Dataset:
lemma sublevel_box_meets_box:
  assumes "countably_full X Y" "sublevel_box X Y h E e c W" "{i. W i \<noteq> topspace X} \<subseteq> M"
    and V: "\<And>i. openin X (V i)" "finite {i. V i \<noteq> topspace X}" "\<And>i. V i \<noteq> {}"
    and "M \<inter> {i. V i \<noteq> topspace X} \<subseteq> E" "\<And>i. i \<in> E \<Longrightarrow> e i \<in> V i"
  shows "\<exists>z\<in>Y. h z < c \<and> (\<forall>i. z i \<in> V i)"
proof -
  have W_open: "openin X (W i)" and W_ne: "W i \<noteq> {}" for i
    using assms(2) unfolding sublevel_box_def by auto
  have W_fin: "finite {i. W i \<noteq> topspace X}" and W_e: "\<And>i. i \<in> E \<Longrightarrow> e i \<in> W i"
    and W_h: "\<forall>z\<in>Y. (\<forall>i. z i \<in> W i) \<longrightarrow> h z < c"
    using assms(2) unfolding sublevel_box_def by auto
  have "countable {i. W i \<inter> V i \<noteq> topspace X}"
  proof (rule countable_finite[OF finite_subset])
    show "{i. W i \<inter> V i \<noteq> topspace X} \<subseteq> {i. W i \<noteq> topspace X} \<union> {i. V i \<noteq> topspace X}"
      by auto
  qed (use W_fin V(2) in simp)
  moreover have "W i \<inter> V i \<inter> topspace X \<noteq> {}" for i
  proof -
    consider "i \<in> E" | "i \<in> M" "V i = topspace X" | "W i = topspace X"
      using assms(3,7) by blast
    then show ?thesis
    proof cases
      case 1
      then show ?thesis
        using W_e assms(8) openin_subset[OF W_open] by blast
    next
      case 2
      then show ?thesis
        using W_ne openin_subset[OF W_open] by blast
    next
      case 3
      then show ?thesis
        using V(3) openin_subset[OF V(1)] by blast
    qed
  qed
  ultimately obtain z where "z \<in> Y" "\<And>i. z i \<in> W i \<inter> V i"
    by (rule countably_full_meets_box[OF assms(1)]) blast
  with W_h show ?thesis
    by blast
qed

lemma reflects_sublevel_boxes_not_less:
  assumes "countably_full X Y" "X closure_of D = topspace X" "reflects_sublevel_boxes X Y h D M"
    and h: "continuous_map (subtopology (product_topology (\<lambda>_. X) UNIV) Y) euclideanreal h"
    and y: "y \<in> Y" "y' \<in> Y" "\<And>i. i \<in> M \<Longrightarrow> y i = y' i"
  shows "\<not> h y < h y'"
proof
  assume "h y < h y'"
  then obtain c where c: "c \<in> \<rat>" "h y < c" "c < h y'"
    using Rats_dense_in_real by blast
  have Y: "Y \<subseteq> topspace (product_topology (\<lambda>_. X) UNIV)"
    using assms(1) by (rule countably_full_subset_topspace)
  have "openin euclideanreal {..<c}" "h y \<in> {..<c}"
    using c(2) by auto
  then obtain B where B: "\<And>i. openin X (B i)" "finite {i. B i \<noteq> topspace X}" "\<And>i. y i \<in> B i"
    "\<And>z. z \<in> Y \<Longrightarrow> (\<And>i. z i \<in> B i) \<Longrightarrow> h z \<in> {..<c}"
    by (rule continuous_map_product_subspace_box[OF h y(1) subsetD[OF Y y(1)]]) blast
  have "openin euclideanreal {c<..}" "h y' \<in> {c<..}"
    using c(3) by auto
  then obtain B' where B': "\<And>i. openin X (B' i)" "finite {i. B' i \<noteq> topspace X}" "\<And>i. y' i \<in> B' i"
    "\<And>z. z \<in> Y \<Longrightarrow> (\<And>i. z i \<in> B' i) \<Longrightarrow> h z \<in> {c<..}"
    by (rule continuous_map_product_subspace_box[OF h y(2) subsetD[OF Y y(2)]]) blast
  define E where "E = M \<inter> {i. B' i \<noteq> topspace X}"
  have BB': "openin X (B i \<inter> B' i)" "B i \<inter> B' i \<noteq> {}" if "i \<in> E" for i
  proof -
    show "openin X (B i \<inter> B' i)"
      using B(1)[of i] B'(1)[of i] by (rule openin_Int)
    have "y i = y' i"
      using y(3) that by (simp add: E_def)
    then show "B i \<inter> B' i \<noteq> {}"
      using B(3)[of i] B'(3)[of i] by auto
  qed
  obtain e where e: "e \<in> PiE E (\<lambda>_. D)" "\<forall>i\<in>E. e i \<in> B i \<inter> B' i"
    using dense_PiE_exists[where V = "\<lambda>i. B i \<inter> B' i", OF assms(2) BB'] by blast
  have "sublevel_box X Y h E e c B"
    unfolding sublevel_box_def
  proof (intro conjI allI ballI impI)
    show "openin X (B i)" "B i \<noteq> {}" for i
      using B(1,3) by auto
    show "e i \<in> B i" if "i \<in> E" for i
      using e(2) that by blast
    show "h z < c" if "z \<in> Y" "\<forall>i. z i \<in> B i" for z
      using B(4) that by simp
  qed (rule B(2))
  moreover have "finite E" "E \<subseteq> M"
    using B'(2) by (auto simp: E_def)
  ultimately obtain W where W: "sublevel_box X Y h E e c W" "{i. W i \<noteq> topspace X} \<subseteq> M"
    using assms(3)[unfolded reflects_sublevel_boxes_def, rule_format, OF _ _ e(1) c(1)] by blast
  \<comment> \<open>W lives on M, and B' meets M only in E, where both boxes contain e.\<close>
  have "\<exists>z\<in>Y. h z < c \<and> (\<forall>i. z i \<in> B' i)"
  proof (rule sublevel_box_meets_box[where V = B', OF assms(1) W B'(1,2)])
    show "B' i \<noteq> {}" for i
      using B'(3) by blast
    show "e i \<in> B' i" if "i \<in> E" for i
      using e(2) that by blast
  qed (simp add: E_def)
  then obtain z where z: "z \<in> Y" "h z < c" "\<And>i. z i \<in> B' i"
    by blast
  have "h z > c"
    using B'(4)[OF z(1,3)] by simp
  with z(2) show False
    by simp
qed

lemma countably_full_continuous_depends_countable:
  assumes "separable_space X" "countably_full X Y"
    and h: "continuous_map (subtopology (product_topology (\<lambda>_. X) UNIV) Y) euclideanreal h"
  obtains M where "countable M"
    "\<And>y y'. y \<in> Y \<Longrightarrow> y' \<in> Y \<Longrightarrow> (\<And>i. i \<in> M \<Longrightarrow> y i = y' i) \<Longrightarrow> h y = h y'"
proof -
  obtain D where D: "countable D" "X closure_of D = topspace X"
    using assms(1) unfolding separable_space_def by blast
  obtain M where M: "countable M" "reflects_sublevel_boxes X Y h D M"
    using countable_reflects_sublevel_boxes[OF D(1)] by blast
  note not_less = reflects_sublevel_boxes_not_less[OF assms(2) D(2) M(2) h]
  show thesis
  proof (rule that[OF M(1)])
    fix y y' assume yY: "y \<in> Y" "y' \<in> Y" and agree: "\<And>i. i \<in> M \<Longrightarrow> y i = y' i"
    then have "\<not> h y < h y'" "\<not> h y' < h y"
      using not_less[OF yY agree] not_less[OF yY(2,1) agree[symmetric]] by auto
    then show "h y = h y'"
      by simp
  qed
qed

Task objective: Show each line from the listing above that includes the word "then".

Output of the exercise:
    then show ?thesis
      then show ?thesis
      then show ?thesis
      then show ?thesis
  then obtain c where c: "c \<in> \<rat>" "h y < c" "c < h y'"
  then obtain B where B: "\<And>i. openin X (B i)" "finite {i. B i \<noteq> topspace X}" "\<And>i. y i \<in> B i"
  then obtain B' where B': "\<And>i. openin X (B' i)" "finite {i. B' i \<noteq> topspace X}" "\<And>i. y' i \<in> B' i"
    then show "B i \<inter> B' i \<noteq> {}"
  then obtain z where z: "z \<in> Y" "h z < c" "\<And>i. z i \<in> B' i"
    then have "\<not> h y < h y'" "\<not> h y' < h y"
    then show "h y = h y'"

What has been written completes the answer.